(Saved entries)
★ ★ ★

text \<open>If all positive powers of \<phi> lie in a finite set, some positive power is idempotent:
  the powers become periodic, and a multiple of the period beyond the preperiod works.\<close>

lemma idempotent_power:
  assumes powers: "\<forall>k\<ge>1. ppow \<phi> k \<in> A" and "finite A"
  shows "\<exists>m\<ge>1. ppow \<phi> m \<cdot> ppow \<phi> m = ppow \<phi> m"
proof -
  have "\<not> inj_on (ppow \<phi>) {1..card A + 1}"
  proof
    assume "inj_on (ppow \<phi>) {1..card A + 1}"
    moreover have "ppow \<phi> ` {1..card A + 1} \<subseteq> A" using powers by auto
    ultimately show False using card_inj_on_le[OF _ _ \<open>finite A\<close>] by fastforce
  qed
  then obtain i j where ij: "1 \<le> i" "i < j" "ppow \<phi> i = ppow \<phi> j"
    unfolding inj_on_def by (metis atLeastAtMost_iff linorder_neqE_nat)
  obtain p where "p \<ge> 1" "i + p = j"
    using less_imp_add_positive[OF ij(2)] by (auto simp: Suc_le_eq)
  then have loop: "ppow \<phi> (i + p) = ppow \<phi> i" using ij(3) by simp
  have period: "ppow \<phi> (i + c + t * p) = ppow \<phi> (i + c)" for c t
  proof (induction t)
    case (Suc t)
    have "ppow \<phi> (i + c + Suc t * p) = ppow \<phi> (i + p) \<cdot> ppow \<phi> (c + t * p)"
      by (simp add: ppow_add[symmetric] algebra_simps)
    also have "\<dots> = ppow \<phi> (i + c + t * p)"
      by (simp add: loop ppow_add[symmetric] algebra_simps)
    finally show ?case using Suc by simp
  qed simp
  have "i \<le> i * p" using \<open>p \<ge> 1\<close> by simp
  then have "ppow \<phi> (i * p + i * p) = ppow \<phi> (i * p)"
    using period[of "i * p - i" i] by simp
  then show ?thesis using \<open>i \<le> i * p\<close> ij(1) by (intro exI[of _ "i * p"]) (simp add: ppow_add)
qed

lemma unit_if_power_identity:
  assumes powers: "\<forall>k\<ge>1. ppow \<phi> k \<in> M"
    and "m \<ge> 1" and "ppow \<phi> m = e" and "e \<cdot> e = e"
  shows "\<phi> \<in> units_of_monoid M e"
proof -
  define \<psi> where "\<psi> = ppow \<phi> (2 * m - 1)"
  have twice: "ppow \<phi> (2 * m) = e"
    using assms(3,4) by (simp add: mult_2 ppow_add)
  have "\<phi> \<cdot> \<psi> = ppow \<phi> (Suc (2 * m - 1))" by (simp only: \<psi>_def ppow_Suc_left)
  moreover have "\<psi> \<cdot> \<phi> = ppow \<phi> (Suc (2 * m - 1))" by (simp add: \<psi>_def)
  moreover have "Suc (2 * m - 1) = 2 * m" using \<open>m \<ge> 1\<close> by simp
  moreover have "\<phi> \<in> M" "\<psi> \<in> M"
    using powers[rule_format, of 1] powers[rule_format, of "2 * m - 1"] \<open>m \<ge> 1\<close>
    by (auto simp: \<psi>_def)
  ultimately show ?thesis using twice unfolding units_of_monoid_def by auto
qed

★ ★ ★

[Try it]:
I would like you to output every record exactly as written.

[Final answer]:
text \<open>If all positive powers of \<phi> lie in a finite set, some positive power is idempotent:
  the powers become periodic, and a multiple of the period beyond the preperiod works.\<close>

lemma idempotent_power:
  assumes powers: "\<forall>k\<ge>1. ppow \<phi> k \<in> A" and "finite A"
  shows "\<exists>m\<ge>1. ppow \<phi> m \<cdot> ppow \<phi> m = ppow \<phi> m"
proof -
  have "\<not> inj_on (ppow \<phi>) {1..card A + 1}"
  proof
    assume "inj_on (ppow \<phi>) {1..card A + 1}"
    moreover have "ppow \<phi> ` {1..card A + 1} \<subseteq> A" using powers by auto
    ultimately show False using card_inj_on_le[OF _ _ \<open>finite A\<close>] by fastforce
  qed
  then obtain i j where ij: "1 \<le> i" "i < j" "ppow \<phi> i = ppow \<phi> j"
    unfolding inj_on_def by (metis atLeastAtMost_iff linorder_neqE_nat)
  obtain p where "p \<ge> 1" "i + p = j"
    using less_imp_add_positive[OF ij(2)] by (auto simp: Suc_le_eq)
  then have loop: "ppow \<phi> (i + p) = ppow \<phi> i" using ij(3) by simp
  have period: "ppow \<phi> (i + c + t * p) = ppow \<phi> (i + c)" for c t
  proof (induction t)
    case (Suc t)
    have "ppow \<phi> (i + c + Suc t * p) = ppow \<phi> (i + p) \<cdot> ppow \<phi> (c + t * p)"
      by (simp add: ppow_add[symmetric] algebra_simps)
    also have "\<dots> = ppow \<phi> (i + c + t * p)"
      by (simp add: loop ppow_add[symmetric] algebra_simps)
    finally show ?case using Suc by simp
  qed simp
  have "i \<le> i * p" using \<open>p \<ge> 1\<close> by simp
  then have "ppow \<phi> (i * p + i * p) = ppow \<phi> (i * p)"
    using period[of "i * p - i" i] by simp
  then show ?thesis using \<open>i \<le> i * p\<close> ij(1) by (intro exI[of _ "i * p"]) (simp add: ppow_add)
qed

lemma unit_if_power_identity:
  assumes powers: "\<forall>k\<ge>1. ppow \<phi> k \<in> M"
    and "m \<ge> 1" and "ppow \<phi> m = e" and "e \<cdot> e = e"
  shows "\<phi> \<in> units_of_monoid M e"
proof -
  define \<psi> where "\<psi> = ppow \<phi> (2 * m - 1)"
  have twice: "ppow \<phi> (2 * m) = e"
    using assms(3,4) by (simp add: mult_2 ppow_add)
  have "\<phi> \<cdot> \<psi> = ppow \<phi> (Suc (2 * m - 1))" by (simp only: \<psi>_def ppow_Suc_left)
  moreover have "\<psi> \<cdot> \<phi> = ppow \<phi> (Suc (2 * m - 1))" by (simp add: \<psi>_def)
  moreover have "Suc (2 * m - 1) = 2 * m" using \<open>m \<ge> 1\<close> by simp
  moreover have "\<phi> \<in> M" "\<psi> \<in> M"
    using powers[rule_format, of 1] powers[rule_format, of "2 * m - 1"] \<open>m \<ge> 1\<close>
    by (auto simp: \<psi>_def)
  ultimately show ?thesis using twice unfolding units_of_monoid_def by auto
qed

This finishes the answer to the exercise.